MATERIAL PROVIDED >>

···

(* Iterating the recurrence backwards from 0 at time n - m gives approximations X_n^(m) with
   |X_n^(m+1) - X_n^(m)| <= |A_n ... A_(n-m+1)| |B_(n-m)|.  The Birkhoff sums along the past of
   a truncated log |A| with negative mean are bounded above (Hopf's maximal ergodic inequality
   plus ergodicity), so the product decays exponentially, while log+ |B_(n-m)| grows sublinearly.
   Hence the X_n^(m) converge almost surely, and the limit, a shift-equivariant functional of the
   driving sequence, is a stationary solution.  Since x |-> a |x| + b is |a|-Lipschitz, two
   solutions satisfy |Y_n - W_n| <= |A_n ... A_(n-k+1)| |Y_(n-k) - W_(n-k)|; the product tends to
   0 almost surely while the last factor is bounded in probability by stationarity, so
   Y_n = W_n almost surely. *)

theory Submission
  imports Defs
begin

section \<open>Birkhoff sums of a measure preserving map\<close>

locale mpt = prob_space M for M :: "'b measure" +
  fixes T :: "'b \<Rightarrow> 'b"
  assumes T_measurable[measurable]: "T \<in> M \<rightarrow>\<^sub>M M"
    and distr_T: "distr M M T = M"
begin

lemma integrable_comp_T:
  fixes g :: "'b \<Rightarrow> real"
  assumes "integrable M g"
  shows "integrable M (\<lambda>x. g (T x))"
proof -
  have [measurable]: "g \<in> borel_measurable M"
    using assms by auto
  have "integrable (distr M M T) g"
    using assms by (simp add: distr_T)
  then show ?thesis
    by (subst (asm) integrable_distr_eq) auto
qed

lemma integral_comp_T:
  fixes g :: "'b \<Rightarrow> real"
  assumes [measurable]: "g \<in> borel_measurable M"
  shows "(\<integral>x. g (T x) \<partial>M) = (\<integral>x. g x \<partial>M)"
proof -
  have "(\<integral>x. g (T x) \<partial>M) = (\<integral>x. g x \<partial>distr M M T)"
    by (subst integral_distr) auto
  then show ?thesis
    by (simp add: distr_T)
qed

definition birkhoff_sum :: "('b \<Rightarrow> real) \<Rightarrow> nat \<Rightarrow> 'b \<Rightarrow> real" where
  "birkhoff_sum g k x = (\<Sum>j<k. g ((T ^^ j) x))"

lemma birkhoff_sum_0 [simp]: "birkhoff_sum g 0 x = 0"
  by (simp add: birkhoff_sum_def)

lemma birkhoff_sum_Suc: "birkhoff_sum g (Suc k) x = g x + birkhoff_sum g k (T x)"
  unfolding birkhoff_sum_def sum.lessThan_Suc_shift by (simp del: funpow.simps add: funpow_Suc_right)

fun max_birkhoff_sum :: "('b \<Rightarrow> real) \<Rightarrow> nat \<Rightarrow> 'b \<Rightarrow> real" where
  "max_birkhoff_sum g 0 x = 0"
| "max_birkhoff_sum g (Suc n) x = max (max_birkhoff_sum g n x) (birkhoff_sum g (Suc n) x)"

lemma max_birkhoff_sum_nonneg: "0 \<le> max_birkhoff_sum g n x"
  by (induction n) auto

lemma birkhoff_sum_le_max: "k \<le> n \<Longrightarrow> birkhoff_sum g k x \<le> max_birkhoff_sum g n x"
  by (induction n) (auto simp: le_Suc_eq)

lemma max_birkhoff_sum_pos_attained:
  "0 < max_birkhoff_sum g n x \<Longrightarrow> \<exists>k. 0 < k \<and> k \<le> n \<and> max_birkhoff_sum g n x = birkhoff_sum g k x"
  by (induction n) (auto simp: max_def le_Suc_eq split: if_splits)

lemma max_birkhoff_sum_step:
  assumes "0 < max_birkhoff_sum g n x"
  shows "max_birkhoff_sum g n x \<le> g x + max_birkhoff_sum g n (T x)"
proof -
  obtain k where k: "Suc k \<le> n" "max_birkhoff_sum g n x = birkhoff_sum g (Suc k) x"
    using max_birkhoff_sum_pos_attained[OF assms] by (metis Suc_pred)
  have "birkhoff_sum g k (T x) \<le> max_birkhoff_sum g n (T x)"
    using k by (intro birkhoff_sum_le_max) auto
  then show ?thesis
    using k by (simp add: birkhoff_sum_Suc)
qed

context
  fixes g :: "'b \<Rightarrow> real"
  assumes g: "integrable M g"
begin

declare borel_measurable_integrable[OF g, measurable]

lemma integrable_birkhoff_sum: "integrable M (birkhoff_sum g k)"
proof -
  have "integrable M (\<lambda>x. g ((T ^^ j) x))" for j
    by (induction j) (auto simp del: funpow.simps simp: funpow_Suc_right g intro: integrable_comp_T)
  then show ?thesis
    unfolding birkhoff_sum_def by auto
qed

lemma integrable_max_birkhoff_sum: "integrable M (max_birkhoff_sum g n)"
  by (induction n) (auto intro: integrable_birkhoff_sum)

lemma measurable_max_birkhoff_sum [measurable]: "max_birkhoff_sum g n \<in> borel_measurable M"
  using integrable_max_birkhoff_sum by auto

text \<open>Hopf's argument: with \<open>S = max_birkhoff_sum g n\<close>, \<open>S - S \<circ> T \<le> g\<close> where \<open>S > 0\<close> and
  \<open>S - S \<circ> T \<le> 0\<close> elsewhere, while \<open>S - S \<circ> T\<close> has integral zero because \<open>T\<close> preserves \<open>M\<close>.\<close>
lemma maximal_ergodic_inequality:
  "0 \<le> (\<integral>x. indicator {x \<in> space M. 0 < max_birkhoff_sum g n x} x * g x \<partial>M)"
proof -
  let ?S = "max_birkhoff_sum g n"
  have "0 = (\<integral>x. ?S x - ?S (T x) \<partial>M)"
    using integrable_max_birkhoff_sum integrable_comp_T[OF integrable_max_birkhoff_sum]
    by (simp add: integral_comp_T)
  also have "\<dots> \<le> (\<integral>x. indicator {x \<in> space M. 0 < ?S x} x * g x \<partial>M)"
  proof (rule integral_mono)
    show "integrable M (\<lambda>x. ?S x - ?S (T x))"
      using integrable_max_birkhoff_sum integrable_comp_T[OF integrable_max_birkhoff_sum] by auto
    show "integrable M (\<lambda>x. indicator {x \<in> space M. 0 < ?S x} x * g x)"
      using integrable_real_mult_indicator[OF _ g] by (simp add: mult.commute)
    show "?S x - ?S (T x) \<le> indicator {x \<in> space M. 0 < ?S x} x * g x" if "x \<in> space M" for x
      using that max_birkhoff_sum_step[of g n x] max_birkhoff_sum_nonneg[of g n x]
        max_birkhoff_sum_nonneg[of g n "T x"]
      by (cases "0 < ?S x") auto
  qed
  finally show ?thesis .
qed

lemma integral_nonneg_if_AE_birkhoff_sum_pos:
  assumes "AE x in M. \<exists>k. 0 < birkhoff_sum g k x"
  shows "0 \<le> integral\<^sup>L M g"
proof -
  let ?f = "\<lambda>n x. indicator {x \<in> space M. 0 < max_birkhoff_sum g n x} x * g x"
  have lim: "AE x in M. (\<lambda>n. ?f n x) \<longlonglongrightarrow> g x"
    using assms AE_space
  proof eventually_elim
    case (elim x)
    then obtain k where "0 < birkhoff_sum g k x" by blast
    then have "\<forall>n\<ge>k. ?f n x = g x"
      using birkhoff_sum_le_max[of k _ g x] elim by fastforce
    then show ?case
      by (intro tendsto_eventually) (auto simp: eventually_sequentially)
  qed
  have "(\<lambda>n. \<integral>x. ?f n x \<partial>M) \<longlonglongrightarrow> integral\<^sup>L M g"
  proof (rule integral_dominated_convergence[where w = "\<lambda>x. \<bar>g x\<bar>"])
    show "AE x in M. norm (?f n x) \<le> \<bar>g x\<bar>" for n
      by (auto split: split_indicator)
  qed (use g lim in auto)
  then show ?thesis
    using maximal_ergodic_inequality by (intro LIMSEQ_le_const) auto
qed

end

lemma birkhoff_sum_bdd_above_comp_T:
  "(\<exists>C. \<forall>k. birkhoff_sum g k (T x) \<le> C) \<longleftrightarrow> (\<exists>C. \<forall>k. birkhoff_sum g k x \<le> C)"
proof
  assume "\<exists>C. \<forall>k. birkhoff_sum g k (T x) \<le> C"
  then obtain C where C: "\<And>k. birkhoff_sum g k (T x) \<le> C" by blast
  have "birkhoff_sum g k x \<le> max 0 (g x + C)" for k
  proof (cases k)
    case (Suc k')
    then show ?thesis
      using C[of k'] by (simp add: birkhoff_sum_Suc)
  qed simp
  then show "\<exists>C. \<forall>k. birkhoff_sum g k x \<le> C" by blast
next
  assume "\<exists>C. \<forall>k. birkhoff_sum g k x \<le> C"
  then obtain C where C: "\<And>k. birkhoff_sum g k x \<le> C" by blast
  have "birkhoff_sum g k (T x) \<le> C - g x" for k
    using C[of "Suc k"] by (simp add: birkhoff_sum_Suc)
  then show "\<exists>C. \<forall>k. birkhoff_sum g k (T x) \<le> C" by blast
qed

text \<open>The set where the Birkhoff sums are unbounded above is invariant, so by ergodicity it is
  null or conull; it cannot be conull, since then the maximal ergodic inequality would give a
  non-negative mean.\<close>
lemma birkhoff_sum_bounded_above:
  assumes g: "integrable M g" and neg: "integral\<^sup>L M g < 0"
    and ergodic: "\<And>S. S \<in> sets M \<Longrightarrow> (\<forall>x\<in>space M. x \<in> S \<longleftrightarrow> T x \<in> S) \<Longrightarrow> prob S = 0 \<or> prob S = 1"
  shows "AE x in M. \<exists>C. \<forall>k. birkhoff_sum g k x \<le> C"
proof -
  have [measurable]: "birkhoff_sum g k \<in> borel_measurable M" for k
    using integrable_birkhoff_sum[OF g] by auto
  define E where "E = {x \<in> space M. \<not> (\<exists>c::nat. \<forall>k. birkhoff_sum g k x \<le> real c)}"
  have "(\<exists>c::nat. \<forall>k. birkhoff_sum g k x \<le> real c) \<longleftrightarrow> (\<exists>C. \<forall>k. birkhoff_sum g k x \<le> C)" for x
    by (metis order_trans real_nat_ceiling_ge)
  then have E_eq: "E = {x \<in> space M. \<not> (\<exists>C. \<forall>k. birkhoff_sum g k x \<le> C)}"
    unfolding E_def by simp
  have E_sets: "E \<in> sets M"
    unfolding E_def by measurable
  have "T x \<in> E \<longleftrightarrow> x \<in> E" if "x \<in> space M" for x
    using that measurable_space[OF T_measurable]
    unfolding E_eq mem_Collect_eq birkhoff_sum_bdd_above_comp_T by blast
  then have "prob E = 0 \<or> prob E = 1"
    using ergodic[OF E_sets] by blast
  moreover have "prob E \<noteq> 1"
  proof
    assume "prob E = 1"
    then have "AE x in M. x \<in> E"
      using AE_in_set_eq_1[OF E_sets] by simp
    then have "AE x in M. \<exists>k. 0 < birkhoff_sum g k x"
      unfolding E_eq by eventually_elim (auto simp: not_le)
    then show False
      using integral_nonneg_if_AE_birkhoff_sum_pos[OF g] neg by simp
  qed
  ultimately have "AE x in M. x \<notin> E"
    using prob_eq_0[OF E_sets] by simp
  then show ?thesis
    using AE_space by eventually_elim (auto simp: E_eq)
qed

end

section \<open>Stationary processes and their path space\<close>

abbreviation path_space :: "(int \<Rightarrow> 'b::topological_space) measure" where
  "path_space \<equiv> PiM UNIV (\<lambda>_. borel)"

lemma stationary_process_measurable:
  "stationary_process M Z \<Longrightarrow> Z n \<in> borel_measurable M"
  by (simp add: stationary_process_def)

lemma stationary_process_measurable_path:
  fixes Z :: "int \<Rightarrow> 'a \<Rightarrow> 'b::topological_space"
  assumes "stationary_process M Z"
  shows "(\<lambda>\<omega> i. Z (i + k) \<omega>) \<in> M \<rightarrow>\<^sub>M path_space"
    and "(\<lambda>\<omega> i. Z i \<omega>) \<in> M \<rightarrow>\<^sub>M path_space"
  by (rule measurable_PiM_single', auto simp: stationary_process_measurable[OF assms])+

text \<open>Cylinders generate the product \<open>\<sigma>\<close>-algebra, so invariance of the finite-dimensional
  distributions extends to the law of the whole path.\<close>
lemma stationary_process_distr_shift:
  fixes Z :: "int \<Rightarrow> 'a \<Rightarrow> 'b::topological_space"
  assumes M: "prob_space M" and Z: "stationary_process M Z"
  shows "distr M path_space (\<lambda>\<omega> i. Z (i + k) \<omega>) = distr M path_space (\<lambda>\<omega> i. Z i \<omega>)"
proof -
  note [measurable] = stationary_process_measurable[OF Z]
    stationary_process_measurable_path[OF Z]
  have cylinder:
    "emeasure (distr M path_space (\<lambda>\<omega> i. Z (i + k) \<omega>)) (prod_emb UNIV (\<lambda>_. borel) J (Pi\<^sub>E J X))
      = emeasure (distr M (PiM J (\<lambda>_. borel)) (\<lambda>\<omega>. \<lambda>j\<in>J. Z (j + k) \<omega>)) (Pi\<^sub>E J X)"
    if J: "finite J" and X: "\<And>i. i \<in> J \<Longrightarrow> X i \<in> sets borel" for J X k
  proof -
    have "prod_emb UNIV (\<lambda>_. borel) J (Pi\<^sub>E J X) \<in> sets path_space"
      using J X by (intro sets_PiM_I) auto
    moreover have "Pi\<^sub>E J X \<in> sets (PiM J (\<lambda>_. borel))"
      using J X by (intro sets_PiM_I_finite) auto
    moreover have "(\<lambda>\<omega>. \<lambda>j\<in>J. Z (j + k) \<omega>) \<in> M \<rightarrow>\<^sub>M PiM J (\<lambda>_. borel)"
      by (intro measurable_restrict) auto
    ultimately show ?thesis
      by (simp add: emeasure_distr)
        (intro arg_cong[where f = "emeasure M"], auto simp: prod_emb_def PiE_def Pi_def extensional_def)
  qed
  show ?thesis
  proof (rule measure_eqI_PiM_infinite)
    show "finite_measure (distr M path_space (\<lambda>\<omega> i. Z (i + k) \<omega>))"
      using prob_space.prob_space_distr[OF M stationary_process_measurable_path(1)[OF Z]]
      by (simp add: prob_space.finite_measure)
    fix J :: "int set" and X :: "int \<Rightarrow> 'b set"
    assume "finite J" "J \<subseteq> UNIV" "\<And>i. i \<in> J \<Longrightarrow> X i \<in> sets borel"
    then show
      "emeasure (distr M path_space (\<lambda>\<omega> i. Z (i + k) \<omega>)) (prod_emb UNIV (\<lambda>_. borel) J (Pi\<^sub>E J X))
      = emeasure (distr M path_space (\<lambda>\<omega> i. Z i \<omega>)) (prod_emb UNIV (\<lambda>_. borel) J (Pi\<^sub>E J X))"
      using cylinder[of J X k] cylinder[of J X 0] Z by (simp add: stationary_process_def)
  qed auto
qed
lemma sig_digitsE:
  assumes "is_decimal x"
  obtains m e where "x = of_int m * 10 powi e" "\<bar>m\<bar> < 10 ^ sig_digits x"
proof -
  obtain m :: int and j :: nat where "x = of_int m / 10^j"
    using assms unfolding is_decimal_def by blast
  then have "x = of_int m * 10 powi (- int j)"
    by (simp add: power_int_minus divide_inverse)
  moreover have "nat \<bar>m\<bar> < 10 ^ nat \<bar>m\<bar>"
    by (rule order_less_le_trans[OF less_exp power_mono]) simp_all
  then have "\<bar>m\<bar> < 10 ^ nat \<bar>m\<bar>"
    by (simp add: nat_less_iff)
  ultimately have "\<exists>k m e. x = of_int m * 10 powi e \<and> \<bar>m\<bar> < 10^k"
    by blast
  then have "\<exists>m e. x = of_int m * 10 powi e \<and> \<bar>m\<bar> < 10 ^ sig_digits x"
    unfolding sig_digits_def by (rule LeastI_ex)
  then show ?thesis
    using that by blast
qed

lemma decimal_exponent_bounds:
  fixes m e :: int and x :: real
  assumes x: "x = of_int m * 10 powi e" and m: "\<bar>m\<bar> < 10^K"
    and L: "0 < L" "L \<le> \<bar>x\<bar>" and U: "\<bar>x\<bar> \<le> U"
  shows "L / 10^K < 10 powi e" and "10 powi e \<le> U"
proof -
  have abs_x: "\<bar>x\<bar> = \<bar>of_int m\<bar> * 10 powi e"
    unfolding x by (simp add: abs_mult)
  have "real_of_int \<bar>m\<bar> < real_of_int (10^K)"
    using m by (simp only: of_int_less_iff)
  then have "\<bar>of_int m\<bar> * 10 powi e < (10^K :: real) * 10 powi e"
    by (intro mult_strict_right_mono) simp_all
  then have "L < 10^K * 10 powi e"
    using L abs_x by linarith
  then show "L / 10^K < 10 powi e"
    by (simp add: field_simps)
  have "m \<noteq> 0"
    using L x by auto
  then have "10 powi e \<le> \<bar>x\<bar>"
    unfolding abs_x by simp
  then show "10 powi e \<le> U"
    using U by linarith
qed

lemma finite_bounded_decimals:
  assumes "0 < L"
  shows "finite {x :: real. \<exists>m e. x = of_int m * 10 powi e \<and> \<bar>m\<bar> < 10^K \<and> L \<le> \<bar>x\<bar> \<and> \<bar>x\<bar> \<le> U}"
proof -
  obtain p :: nat where p: "(1/10)^p < L / 10^K"
    using real_arch_pow_inv[of "L / 10^K" "1/10"] assms by auto
  obtain q :: nat where q: "U < 10^q"
    using real_arch_pow[of 10 U] by auto
  have exp_less: "e < e'" if "(10::real) powi e < 10 powi e'" for e e'
    using that power_int_increasing[of e' e "10::real"] by linarith
  have "{x. \<exists>m e. x = of_int m * 10 powi e \<and> \<bar>m\<bar> < 10^K \<and> L \<le> \<bar>x\<bar> \<and> \<bar>x\<bar> \<le> U}
      \<subseteq> (\<lambda>(m, e). of_int m * 10 powi e) ` ({-(10^K)..10^K} \<times> {-int p..int q})"
  proof clarify
    fix m e
    assume "\<bar>m\<bar> < 10^K" "L \<le> \<bar>of_int m * (10::real) powi e\<bar>" "\<bar>of_int m * (10::real) powi e\<bar> \<le> U"
    note bounds = decimal_exponent_bounds[OF refl this(1) assms this(2,3)]
    have "(10::real) powi (- int p) = (1/10)^p"
      by (simp add: power_int_minus power_one_over inverse_eq_divide)
    also have "\<dots> < 10 powi e"
      using p bounds(1) by linarith
    finally have "- int p < e"
      by (rule exp_less)
    moreover have "10 powi e < (10::real) powi int q"
      using bounds(2) q by simp
    then have "e < int q"
      by (rule exp_less)
    ultimately show "of_int m * 10 powi e
        \<in> (\<lambda>(m, e). of_int m * 10 powi e) ` ({-(10^K)..10^K} \<times> {-int p..int q})"
      using \<open>\<bar>m\<bar> < 10^K\<close> by (intro image_eqI[of _ _ "(m, e)"]) auto
  qed
  then show ?thesis
    by (rule finite_subset) simp
qed

lemma finite_dec_reps_sig_digits:
  assumes "v \<noteq> 0"
  shows "finite {x \<in> dec_reps v. sig_digits x = K}"
proof -
  have "{x \<in> dec_reps v. sig_digits x = K} \<subseteq>
      {x. \<exists>m e. x = of_int m * 10 powi e \<and> \<bar>m\<bar> < 10^K \<and> \<bar>v\<bar> / 2 \<le> \<bar>x\<bar> \<and> \<bar>x\<bar> \<le> 2^1024}"
  proof clarify
    fix x
    assume "x \<in> dec_reps v"
    then have "is_decimal x" "\<bar>x\<bar> < 2^1024 - 2^970" "is_rne x v"
      unfolding dec_reps_def by (simp_all add: dbl_round_eq_ereal_iff)
    then show "\<exists>m e. x = of_int m * 10 powi e \<and> \<bar>m\<bar> < 10 ^ sig_digits x \<and> \<bar>v\<bar> / 2 \<le> \<bar>x\<bar> \<and> \<bar>x\<bar> \<le> 2^1024"
      using is_rne_abs_le by (force elim: sig_digitsE)
  qed
  moreover have "finite {x. \<exists>m e. x = of_int m * 10 powi e \<and> \<bar>m\<bar> < 10^K \<and> \<bar>v\<bar> / 2 \<le> \<bar>x\<bar> \<and> \<bar>x\<bar> \<le> 2^1024}"
    using assms by (intro finite_bounded_decimals) simp
  ultimately show ?thesis
    by (rule finite_subset)
qed

lemma decfmt_in_dec_reps:
  assumes "v \<in> dbl_finite" "v \<noteq> 0"
  shows "decfmt v \<in> dec_reps v"
proof -
  have "v \<in> dec_reps v"
    using assms by (auto simp: dec_reps_def dbl_round_dbl_finite elim: dbl_finiteE intro: is_decimal_dyadic)
  then obtain x0 where x0: "x0 \<in> dec_reps v" and shortest: "\<forall>y\<in>dec_reps v. sig_digits x0 \<le> sig_digits y"
    using ex_has_least_nat[of "\<lambda>x. x \<in> dec_reps v" v sig_digits] by blast
  then have reps: "x0 \<in> shortest_reps v" "shortest_reps v = {x \<in> dec_reps v. sig_digits x = sig_digits x0}"
    unfolding shortest_reps_def by force+
  let ?dist = "\<lambda>x. \<bar>x - v\<bar>"
  have finite: "finite (shortest_reps v)"
    unfolding reps(2) using finite_dec_reps_sig_digits[OF assms(2)] .
  have nonempty: "shortest_reps v \<noteq> {}"
    using reps(1) by blast
  have "\<exists>x. x \<in> shortest_reps v \<and> (\<forall>y\<in>shortest_reps v. ?dist x \<le> ?dist y)"
    using arg_min_if_finite(1)[OF finite nonempty, of ?dist]
      arg_min_least[OF finite nonempty, of _ ?dist] by blast
  then have "decfmt v \<in> shortest_reps v"
    unfolding decfmt_def by (rule someI2_ex) blast
  then show ?thesis
    unfolding shortest_reps_def by blast
qed

lemma DP_le_imp_mult_pow10_in_Ints:
  assumes "is_decimal x" "DP x \<le> a"
  shows "x * 10^a \<in> \<int>"
proof -
  obtain m :: int and j :: nat where "x = of_int m / 10^j"
    using assms(1) unfolding is_decimal_def by blast
  then have "x * 10^j \<in> \<int>"
    by simp
  then have "x * 10 ^ DP x \<in> \<int>"
    unfolding DP_def by (rule LeastI)
  then have "x * 10 ^ DP x * 10 ^ (a - DP x) \<in> \<int>"
    by (simp add: Ints_mult)
  then show ?thesis
    using assms(2) by (simp add: mult.assoc flip: power_add)
qed

lemma dbl_pow10_exact:
  assumes "a \<le> 22"
  shows "dbl_pow10 a = 10^a"
proof -
  have "(5::int)^a \<le> 5^22"
    using assms by (intro power_increasing) simp_all
  then have "\<bar>(5::int)^a\<bar> < 2^53"
    by simp
  then have "of_int (5^a) * (2::real) powi int a \<in> dbl_finite"
    using assms by (intro dbl_finiteI) simp_all
  then have "(10::real)^a \<in> dbl_finite"
    by (simp flip: power_mult_distrib)
  then show ?thesis
    unfolding dbl_pow10_def by (simp add: dbl_round_dbl_finite)
qed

···

TASK REQUIREMENTS >> Filter the records above for lines with "negative".

RESULT >>
   a truncated log |A| with negative mean are bounded above (Hopf's maximal ergodic inequality
  non-negative mean.\<close>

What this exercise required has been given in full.